[DATASET ENTRIES — start]
lemma inf_SUP_directedL_le:
  assumes D: "directedL (spec_order imp T) D" and V: "V \<in> T" and W: "W \<in> T"
  shows "inf (SUP x. inf (V x) (D x)) (SUP x. inf (W x) (D x)) \<le> (SUP z. inf (inf V W z) (D z))"
    (is "_ \<le> ?R")
proof (rule inf_SUP_SUP_le)
  fix x y
  let ?sp = "spec_order imp T"
  have "inf (inf (V x) (D x)) (inf (W y) (D y)) = inf (inf (V x) (W y)) (inf (D x) (D y))"
    by (simp add: inf_aci)
  also have "\<dots> \<le> inf (inf (V x) (W y)) (SUP z. inf (inf (D z) (?sp x z)) (?sp y z))"
    using D by (intro inf_mono order_refl) (simp add: directedL_def)
  also have "\<dots> \<le> ?R"
    unfolding inf_SUP_le_iff
  proof
    fix z
    have "inf (inf (V x) (W y)) (inf (inf (D z) (?sp x z)) (?sp y z))
        = inf (inf (inf (V x) (?sp x z)) (inf (W y) (?sp y z))) (D z)"
      by (simp add: inf_aci)
    also have "\<dots> \<le> inf (inf V W z) (D z)"
      unfolding inf_apply using V W by (intro inf_mono open_spec_order_upper order_refl)
    also have "\<dots> \<le> ?R"
      by (rule SUP_upper) simp
    finally show "inf (inf (V x) (W y)) (inf (inf (D z) (?sp x z)) (?sp y z)) \<le> ?R" .
  qed
  finally show "inf (inf (V x) (D x)) (inf (W y) (D y)) \<le> ?R" .
qed

lemma directedL_is_point:
  assumes D: "directedL (spec_order imp T) D"
  shows "is_point T (\<lambda>V. SUP x. inf (V x) (D x))"
  unfolding is_point_def
proof (intro conjI ballI allI impI)
  let ?p = "\<lambda>V. SUP x. inf (V x) (D x)"
  fix V W
  assume "V \<in> T" and "W \<in> T"
  show "?p (inf V W) = inf (?p V) (?p W)"
  proof (rule order.antisym)
    show "?p (inf V W) \<le> inf (?p V) (?p W)"
      by (intro le_infI SUP_mono') (simp_all add: le_infI1)
    show "inf (?p V) (?p W) \<le> ?p (inf V W)"
      using D \<open>V \<in> T\<close> \<open>W \<in> T\<close> by (rule inf_SUP_directedL_le)
  qed
next
  let ?p = "\<lambda>V. SUP x. inf (V x) (D x)"
  fix \<U>
  have "?p (Sup \<U>) = (SUP x. SUP V\<in>\<U>. inf (V x) (D x))"
    by (simp add: Sup_apply SUP_inf)
  then show "?p (Sup \<U>) = (SUP V\<in>\<U>. ?p V)"
    by (simp add: SUP_commute[of _ UNIV])
next
  fix c
  have "(SUP x. D x) = top"
    using D by (simp add: directedL_def nonemptyL_def)
  then show "(SUP x. inf c (D x)) = c"
    unfolding inf_SUP[symmetric] by simp
qed

lemma Lsup_of_point:
  assumes t: "\<forall>V\<in>T. (SUP x. inf (V x) (D x)) = V t"
  shows "is_Lsup imp (spec_order imp T) D t"
  unfolding is_Lsup_iff
proof (intro allI)
  fix y c
  have swap: "inf c (inf (V x) (D x)) = inf (inf c (D x)) (V x)" for V x
    by (simp add: inf_aci)
  have "c \<le> spec_order imp T t y \<longleftrightarrow> (\<forall>V\<in>T. inf c (SUP x. inf (V x) (D x)) \<le> V y)"
    using t by (simp add: le_spec_order_iff)
  also have "\<dots> \<longleftrightarrow> (\<forall>x. \<forall>V\<in>T. inf (inf c (D x)) (V x) \<le> V y)"
    unfolding inf_SUP_le_iff swap by blast
  also have "\<dots> \<longleftrightarrow> (\<forall>x. inf c (D x) \<le> spec_order imp T x y)"
    by (simp add: le_spec_order_iff)
  finally show "c \<le> spec_order imp T t y \<longleftrightarrow> (\<forall>x. inf c (D x) \<le> spec_order imp T x y)" .
qed

lemma open_subset_scottL:
  assumes sober: "L_sober T"
  shows "T \<subseteq> scottL imp (spec_order imp T)"
proof
  fix U
  assume U: "U \<in> T"
  show "U \<in> scottL imp (spec_order imp T)"
    unfolding scottL_def
  proof (intro CollectI conjI allI impI)
    show "upper_setL (spec_order imp T) U"
      using U by (simp add: upper_setL_def open_spec_order_upper)
    fix D s
    assume Ds: "directedL (spec_order imp T) D \<and> is_Lsup imp (spec_order imp T) D s"
    then obtain t where t: "\<forall>V\<in>T. (SUP x. inf (V x) (D x)) = V t"
      using sober directedL_is_point unfolding L_sober_def by blast
    have "L_order (spec_order imp T)"
      using sober by (intro L_order_spec_order) (simp add: L_sober_def)
    then have "s = t"
      using Ds Lsup_of_point[OF t] by (blast intro: Lsup_unique)
    then show "U s = (SUP x. inf (U x) (D x))"
      using t U by simp
  qed
qed

lemma super_compact_is_point:
  assumes B: "super_compact imp T B"
  shows "is_point T (subL imp B)"
  unfolding is_point_def
proof (intro conjI ballI allI impI)
  fix U V
  show "subL imp B (inf U V) = inf (subL imp B U) (subL imp B V)"
    by (rule eq_if_same_lower_bounds) (auto simp: le_subL_iff)
next
  fix \<U>
  assume "\<U> \<subseteq> T"
  then show "subL imp B (Sup \<U>) = (SUP U\<in>\<U>. subL imp B U)"
    using B by (simp add: super_compact_def)
next
  fix c
  have "(SUP x. B x) = top"
    using B by (simp add: super_compact_def nonemptyL_def)
  then have "d \<le> subL imp B (\<lambda>_. c) \<longleftrightarrow> d \<le> c" for d
    using inf_SUP_le_iff[where b=d and c=c and S=UNIV and f=B] by (simp add: le_subL_iff)
  then show "subL imp B (\<lambda>_. c) = c"
    by (rule eq_if_same_lower_bounds)
qed

lemma le_way_below_iff:
  "c \<le> way_below imp e x y \<longleftrightarrow>
    (\<forall>I s. idealL e I \<and> is_Lsup imp e I s \<longrightarrow> inf c (e x s) \<le> I y)"
  unfolding way_below_def le_Inf_iff le_imp_iff[symmetric] by blast

lemma way_below_le_ideal:
  assumes "idealL e I" and "is_Lsup imp e I s"
  shows "inf (way_below imp e x y) (e x s) \<le> I y"
proof -
  have "\<forall>I s. idealL e I \<and> is_Lsup imp e I s \<longrightarrow> inf (way_below imp e x y) (e x s) \<le> I y"
    using le_way_below_iff[of "way_below imp e x y" e x y] by simp
  then show ?thesis
    using assms by blast
qed

lemma way_below_mono:
  assumes "L_order e"
  shows "inf (way_below imp e x z) (e x x') \<le> way_below imp e x' z"
  unfolding le_way_below_iff
proof (intro allI impI)
  fix I s
  assume "idealL e I \<and> is_Lsup imp e I s"
  then have "inf (way_below imp e x z) (e x s) \<le> I z"
    by (simp add: way_below_le_ideal)
  moreover have "inf (inf (way_below imp e x z) (e x x')) (e x' s) \<le> inf (way_below imp e x z) (e x s)"
    using assms unfolding inf_assoc by (intro inf_mono order_refl) (simp add: L_order_def)
  ultimately show "inf (inf (way_below imp e x z) (e x x')) (e x' s) \<le> I z"
    by (rule order_trans[rotated])
qed

lemma lower_setL_way_below: "lower_setL e (way_below imp e x)"
  unfolding lower_setL_def le_way_below_iff
proof (intro allI impI)
  fix u u' I s
  assume I: "idealL e I \<and> is_Lsup imp e I s"
  then have "inf (way_below imp e x u') (e x s) \<le> I u'"
    by (simp add: way_below_le_ideal)
  then have "inf (inf (way_below imp e x u') (e x s)) (e u u') \<le> inf (I u') (e u u')"
    by (rule inf_mono[OF _ order_refl])
  then have "inf (inf (way_below imp e x u') (e u u')) (e x s) \<le> inf (I u') (e u u')"
    by (simp add: inf_aci)
  also have "\<dots> \<le> I u"
    using I by (simp add: idealL_def lower_setL_def)
  finally show "inf (inf (way_below imp e x u') (e u u')) (e x s) \<le> I u" .
qed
[DATASET ENTRIES — finish]
Count the lines of the entries that hold the string "UNIV", then state that number and nothing more.

● **SOLVED PROBLEM**: 2